This might be described more effectively through a storyteller’s words, because bedlands often occur in stories. Take to Halldór Laxness’ ‘Independent People’ in which his main character finds his wife half-submerged in the ground, unconscious, having potentially followed or been conjured by a ghost named Gunnvör, who – rumour has it – resides at the same location.[10]We never learn the truth, whether something within her raised her toward this weathered bed, or whether she had been kidnapped. But the word of a ghost, regardless, signifies that temporal traces – both fictive and real – arrange into potential happenings within a relational, magical world. Whatever led her to this bedland, has nothing to do with reason, but something to do with everything that exists in both the ‘reality’ and the ‘unreality’ of the space, every force within an assemblage, or within the wider world.

Whatever resides in a location – in the past or present, or in the imagination of its inhabitants – makes up a residual power, which informs what Gilbert Simondon describes as ‘privileged points’. A ‘magical landscape’ (or relational space) is doubled in its territorial mapping, quantified both spatially and temporally. Although matter is ontologically-equal, privileged moments arise to form a singularity: ‘points of exchange between the being and milieu’. A bedland is a privileged point, ‘a place that has a power’, which ‘draws into itself all the force and efficacy of the domain it delimits.’[11]These points are ‘foregrounded from a background’[12]and encompass a mass of reality:

…just as the most impenetrable part of the wood is where all its reality resides.

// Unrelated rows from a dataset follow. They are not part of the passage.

lemma card_edges_le_degree_sum_compl:
  assumes "independent_set E S"
  shows "card E \<le> (\<Sum>u\<in>V - S. real (degree V E u))"
proof -
  have "e \<inter> (V - S) \<noteq> {}" if "e \<in> E" for e
  proof -
    obtain a b where "e = {a, b}" "a \<in> V" "b \<in> V"
      using \<open>e \<in> E\<close> by (metis edgeE)
    with that assms show ?thesis
      unfolding independent_set_def by blast
  qed
  then have "{e\<in>E. e \<inter> (V - S) \<noteq> {}} = E"
    by blast
  then show ?thesis
    using card_edges_meeting_le [of "V - S"] by (simp flip: of_nat_sum)
qed

lemma degree_sum_ge:
  assumes "A \<subseteq> V"
  shows "card A * real (min_degree V E) \<le> (\<Sum>u\<in>A. real (degree V E u))"
  by (rule sum_bounded_below) (use assms min_degree_le_degree in auto)

lemma degree_sum_le:
  assumes "A \<subseteq> V"
  shows "(\<Sum>u\<in>A. real (degree V E u)) \<le> card A * real (max_degree V E)"
  by (rule sum_bounded_above) (use assms degree_le_max_degree in auto)

lemma zagreb1_le:
  assumes "S \<subseteq> V"
  shows "zagreb1 V E \<le> max_degree V E * (\<Sum>u\<in>S. real (degree V E u))
    + card (V - S) * real (max_degree V E) ^ 2"
proof -
  have split: "zagreb1 V E = (\<Sum>u\<in>V - S. real (degree V E u) ^ 2) + (\<Sum>u\<in>S. real (degree V E u) ^ 2)"
    unfolding zagreb1_def using sum.subset_diff [OF assms finite_V] by simp
  have "(\<Sum>u\<in>V - S. real (degree V E u) ^ 2) \<le> card (V - S) * real (max_degree V E) ^ 2"
    by (rule sum_bounded_above) (simp add: power_mono degree_le_max_degree)
  moreover have "real (degree V E u) ^ 2 \<le> max_degree V E * real (degree V E u)" if "u \<in> V" for u
    using degree_le_max_degree [OF that] by (simp add: power2_eq_square mult_right_mono)
  then have "(\<Sum>u\<in>S. real (degree V E u) ^ 2) \<le> (\<Sum>u\<in>S. max_degree V E * real (degree V E u))"
    using assms by (intro sum_mono) auto
  ultimately show ?thesis
    unfolding split sum_distrib_left by linarith
qed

The magical world is in this way made of a network of places and things that have a power and are bound to other things and other places that also have a power. [13]


Boundaries, borders, thresholds, and traces sink away. It is not a place, which is familiar, mapped, and structured, it is a space, which is fuzzy, abstract, and oneiric. Endowed as a haecceity, it is a multiplicity within which a becoming can occur, perhaps unwillingly. It is a kind of portal between ‘human and world’, a ‘passage between two realities’.[14]

You might come across a bedland on a walk, in lands haunted by the past or crowned by prehistoric stones. It might be in the city, or in a dream. You could let it perform in front of you, or you could participate through sorcery. At the very least, ‘a hesitation, or pause’ is encouraged, as this ‘allows other times to be ‘accessed’’.[15]


b.      Nonsites


   Weather report from a nonsite:            55.8690116, -4.2644850          21°C     18:16:21


1. water is still on my shoes

2. I filled up a body of water

(it was a large sheet of pvc which was superglued to create a bag. I filled up this bag with water - from the tap, not from the same source as the water on my shoes. It would be impractical to carry that back)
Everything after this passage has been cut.